#### Exercise aim:
Only the lines below between the ones containing "these two subspaces" and "D) = vector_space.dim", inclusive, are to be reproduced, each exactly as it stands.
** Information supplied follows **
definition dual_space :: "'a set \<Rightarrow> ('a \<Rightarrow> 'r::real_vector \<Rightarrow> real) set" where
  "dual_space S = {e. (\<forall>x\<in>S. linear (e x)) \<and> (\<forall>x. x \<notin> S \<longrightarrow> e x = 0)}"

definition pairing :: "'a set \<Rightarrow> ('a \<Rightarrow> 'r \<Rightarrow> real) \<Rightarrow> ('a \<Rightarrow> 'r) \<Rightarrow> real" where
  "pairing S e f = (\<Sum>x\<in>S. e x (f x))"

(* incidence operator restricted to a vertex subset W (W = V_i gives B_i, W = V_b gives B_b) *)
definition incB :: "'e set \<Rightarrow> ('e \<Rightarrow> 'v) \<Rightarrow> ('e \<Rightarrow> 'v) \<Rightarrow> 'v set \<Rightarrow> ('e \<Rightarrow> 'r::real_vector) \<Rightarrow> ('v \<Rightarrow> 'r)" where
  "incB E src tgt W f = (\<lambda>v. if v \<in> W then (\<Sum>x\<in>E. incid src tgt v x *\<^sub>R f x) else 0)"

definition incB_adj :: "'e set \<Rightarrow> ('e \<Rightarrow> 'v) \<Rightarrow> ('e \<Rightarrow> 'v) \<Rightarrow> 'v set \<Rightarrow> ('v \<Rightarrow> 'r \<Rightarrow> real) \<Rightarrow> ('e \<Rightarrow> 'r \<Rightarrow> real)" where
  "incB_adj E src tgt W e = (\<lambda>x. if x \<in> E then (\<lambda>r. \<Sum>v\<in>W. incid src tgt v x * e v r) else 0)"

definition scale_prim :: "real \<Rightarrow> ('a \<Rightarrow> 'r::real_vector) \<Rightarrow> ('a \<Rightarrow> 'r)" where
  "scale_prim c f = (\<lambda>x. c *\<^sub>R f x)"

definition scale_dual :: "real \<Rightarrow> ('a \<Rightarrow> 'r \<Rightarrow> real) \<Rightarrow> ('a \<Rightarrow> 'r \<Rightarrow> real)" where
  "scale_dual c e = (\<lambda>x r. c * e x r)"

type_synonym ('e,'v,'r) flow = "('e \<Rightarrow> 'r) \<times> ('v \<Rightarrow> 'r)"
type_synonym ('e,'v,'r) effort = "('e \<Rightarrow> 'r \<Rightarrow> real) \<times> ('v \<Rightarrow> 'r \<Rightarrow> real)"

definition scale_flow :: "real \<Rightarrow> ('e,'v,'r::real_vector) flow \<Rightarrow> ('e,'v,'r) flow" where
  "scale_flow c p = (scale_prim c (fst p), scale_prim c (snd p))"

definition scale_bond :: "real \<Rightarrow> ('e,'v,'r::real_vector) flow \<times> ('e,'v,'r) effort
                                \<Rightarrow> ('e,'v,'r) flow \<times> ('e,'v,'r) effort" where
  "scale_bond c q = (scale_flow c (fst q), (scale_dual c (fst (snd q)), scale_dual c (snd (snd q))))"

definition flow_space :: "'e set \<Rightarrow> 'v set \<Rightarrow> ('e,'v,'r::real_vector) flow set" where
  "flow_space E Vb = prim_space E \<times> prim_space Vb"

definition effort_space :: "'e set \<Rightarrow> 'v set \<Rightarrow> ('e,'v,'r::real_vector) effort set" where
  "effort_space E Vb = dual_space E \<times> dual_space Vb"

definition flow_pairing :: "'e set \<Rightarrow> 'v set \<Rightarrow> ('e,'v,'r) effort \<Rightarrow> ('e,'v,'r) flow \<Rightarrow> real" where
  "flow_pairing E Vb e f = pairing E (fst e) (fst f) + pairing Vb (snd e) (snd f)"

definition dirac_structure :: "'e set \<Rightarrow> 'v set \<Rightarrow> (('e,'v,'r::real_vector) flow \<times> ('e,'v,'r) effort) set \<Rightarrow> bool" where
  "dirac_structure E Vb D \<longleftrightarrow>
     module.subspace scale_bond D \<and>
     D \<subseteq> flow_space E Vb \<times> effort_space E Vb \<and>
     (\<forall>(f, e)\<in>D. flow_pairing E Vb e f = 0) \<and>
     vector_space.dim scale_bond D = vector_space.dim scale_flow (flow_space E Vb :: ('e,'v,'r) flow set)"

definition separable_dirac :: "'e set \<Rightarrow> 'v set \<Rightarrow> (('e,'v,'r::real_vector) flow \<times> ('e,'v,'r) effort) set \<Rightarrow> bool" where
  "separable_dirac E Vb D \<longleftrightarrow> dirac_structure E Vb D \<and>
     (\<forall>(fa, ea)\<in>D. \<forall>(fb, eb)\<in>D. flow_pairing E Vb ea fb = 0)"

definition kirchhoff_dirac ::
  "'v set \<Rightarrow> 'e set \<Rightarrow> ('e \<Rightarrow> 'v) \<Rightarrow> ('e \<Rightarrow> 'v) \<Rightarrow> 'v set \<Rightarrow> (('e,'v,'r::real_vector) flow \<times> ('e,'v,'r) effort) set" where
  "kirchhoff_dirac V E src tgt Vb =
     {((f1, fb), (e1, eb)).
        f1 \<in> prim_space E \<and> fb \<in> prim_space Vb \<and> e1 \<in> dual_space E \<and> eb \<in> dual_space Vb \<and>
        incB E src tgt (V - Vb) f1 = 0 \<and>
        incB E src tgt Vb f1 = fb \<and>
        (\<exists>e0i \<in> dual_space (V - Vb).
           e1 = - incB_adj E src tgt (V - Vb) e0i - incB_adj E src tgt Vb eb)}"

end

theory Submission
  imports Defs
begin

text \<open>
  Separability is adjointness: for elements of the Kirchhoff--Dirac structure the pairing of
  \<open>e\<^sup>1 = - B\<^sub>i\<^sup>* e\<^sup>0\<^sup>i - B\<^sub>b\<^sup>* e\<^sup>b\<close> with \<open>f\<^sub>1\<close> equals
  \<open>- e\<^sup>0\<^sup>i(B\<^sub>i f\<^sub>1) - e\<^sup>b(B\<^sub>b f\<^sub>1) = - e\<^sup>b(f\<^sub>b)\<close>, which cancels the boundary term.
  For the dimension, identify \<open>\<R>\<^sup>*\<close> with \<open>\<R>\<close> by the inner product. Then
  \<open>(f\<^sub>1, f\<^sub>b, e\<^sup>1, e\<^sup>b) \<mapsto> (f\<^sub>1 - e\<^sup>1 - B\<^sub>b\<^sup>T e\<^sup>b, e\<^sup>b) = (f\<^sub>1 + B\<^sub>i\<^sup>T e\<^sup>0\<^sup>i, e\<^sup>b)\<close>
  is a linear bijection onto the flow space \<open>\<Lambda>\<^sub>1 \<times> \<Lambda>\<^sub>b\<close>: it is injective because
  \<open>ker B\<^sub>i\<close> is orthogonal to \<open>im B\<^sub>i\<^sup>T\<close>, and surjective because these two subspaces
  together span \<open>\<Lambda>\<^sub>1\<close>, which follows from an orthogonal projection onto \<open>im B\<^sub>i\<^sup>T\<close>.
\<close>

lemma vector_space_scale_prim: "vector_space (scale_prim :: real \<Rightarrow> ('a \<Rightarrow> 'r::real_vector) \<Rightarrow> _)"
  by unfold_locales (auto simp: scale_prim_def fun_eq_iff algebra_simps)

lemma vector_space_scale_flow: "vector_space (scale_flow :: real \<Rightarrow> ('e,'v,'r::real_vector) flow \<Rightarrow> _)"
  by unfold_locales (auto simp: scale_flow_def scale_prim_def fun_eq_iff algebra_simps prod_eq_iff)

lemma vector_space_scale_bond:
  "vector_space (scale_bond :: real \<Rightarrow> ('e,'v,'r::real_vector) flow \<times> ('e,'v,'r) effort \<Rightarrow> _)"
  by unfold_locales
    (auto simp: scale_bond_def scale_dual_def scale_flow_def scale_prim_def fun_eq_iff algebra_simps prod_eq_iff)

interpretation prim: vector_space "scale_prim :: real \<Rightarrow> ('a \<Rightarrow> 'r::real_vector) \<Rightarrow> _"
  by (rule vector_space_scale_prim)

interpretation bond: vector_space "scale_bond :: real \<Rightarrow> ('e,'v,'r::real_vector) flow \<times> ('e,'v,'r) effort \<Rightarrow> _"
  by (rule vector_space_scale_bond)

lemma dim_image_eq_of_inj_on:
  assumes "Vector_Spaces.linear s1 s2 L" and "module.subspace s1 D" and "inj_on L D"
  shows "vector_space.dim s2 (L ` D) = vector_space.dim s1 D"
proof -
  interpret L: Vector_Spaces.linear s1 s2 L by (rule assms(1))
  obtain B where B: "B \<subseteq> D" "L.vs1.independent B" "D \<subseteq> L.vs1.span B" "card B = L.vs1.dim D"
    using L.vs1.basis_exists by blast
  have "L.vs1.span B = D"
    using B assms(2) L.vs1.span_minimal L.vs1.span_mono by (metis subset_antisym)
  then have "L.vs2.independent (L ` B)"
    using L.independent_injective_image[OF B(2)] assms(3) by simp
  moreover have "L ` D \<subseteq> L.vs2.span (L ` B)" using L.spans_image[OF B(3)] .
  ultimately have "card (L ` B) = L.vs2.dim (L ` D)"
    using B(1) by (intro L.vs2.basis_card_eq_dim) auto
  moreover have "card (L ` B) = card B" using assms(3) B(1) card_image inj_on_subset by blast
  ultimately show ?thesis using B(4) by simp
qed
** End of Information supplied **
#### Solution for this exercise:
  \<open>ker B\<^sub>i\<close> is orthogonal to \<open>im B\<^sub>i\<^sup>T\<close>, and surjective because these two subspaces
  together span \<open>\<Lambda>\<^sub>1\<close>, which follows from an orthogonal projection onto \<open>im B\<^sub>i\<^sup>T\<close>.
\<close>

lemma vector_space_scale_prim: "vector_space (scale_prim :: real \<Rightarrow> ('a \<Rightarrow> 'r::real_vector) \<Rightarrow> _)"
  by unfold_locales (auto simp: scale_prim_def fun_eq_iff algebra_simps)

lemma vector_space_scale_flow: "vector_space (scale_flow :: real \<Rightarrow> ('e,'v,'r::real_vector) flow \<Rightarrow> _)"
  by unfold_locales (auto simp: scale_flow_def scale_prim_def fun_eq_iff algebra_simps prod_eq_iff)

lemma vector_space_scale_bond:
  "vector_space (scale_bond :: real \<Rightarrow> ('e,'v,'r::real_vector) flow \<times> ('e,'v,'r) effort \<Rightarrow> _)"
  by unfold_locales
    (auto simp: scale_bond_def scale_dual_def scale_flow_def scale_prim_def fun_eq_iff algebra_simps prod_eq_iff)

interpretation prim: vector_space "scale_prim :: real \<Rightarrow> ('a \<Rightarrow> 'r::real_vector) \<Rightarrow> _"
  by (rule vector_space_scale_prim)

interpretation bond: vector_space "scale_bond :: real \<Rightarrow> ('e,'v,'r::real_vector) flow \<times> ('e,'v,'r) effort \<Rightarrow> _"
  by (rule vector_space_scale_bond)

lemma dim_image_eq_of_inj_on:
  assumes "Vector_Spaces.linear s1 s2 L" and "module.subspace s1 D" and "inj_on L D"
  shows "vector_space.dim s2 (L ` D) = vector_space.dim s1 D"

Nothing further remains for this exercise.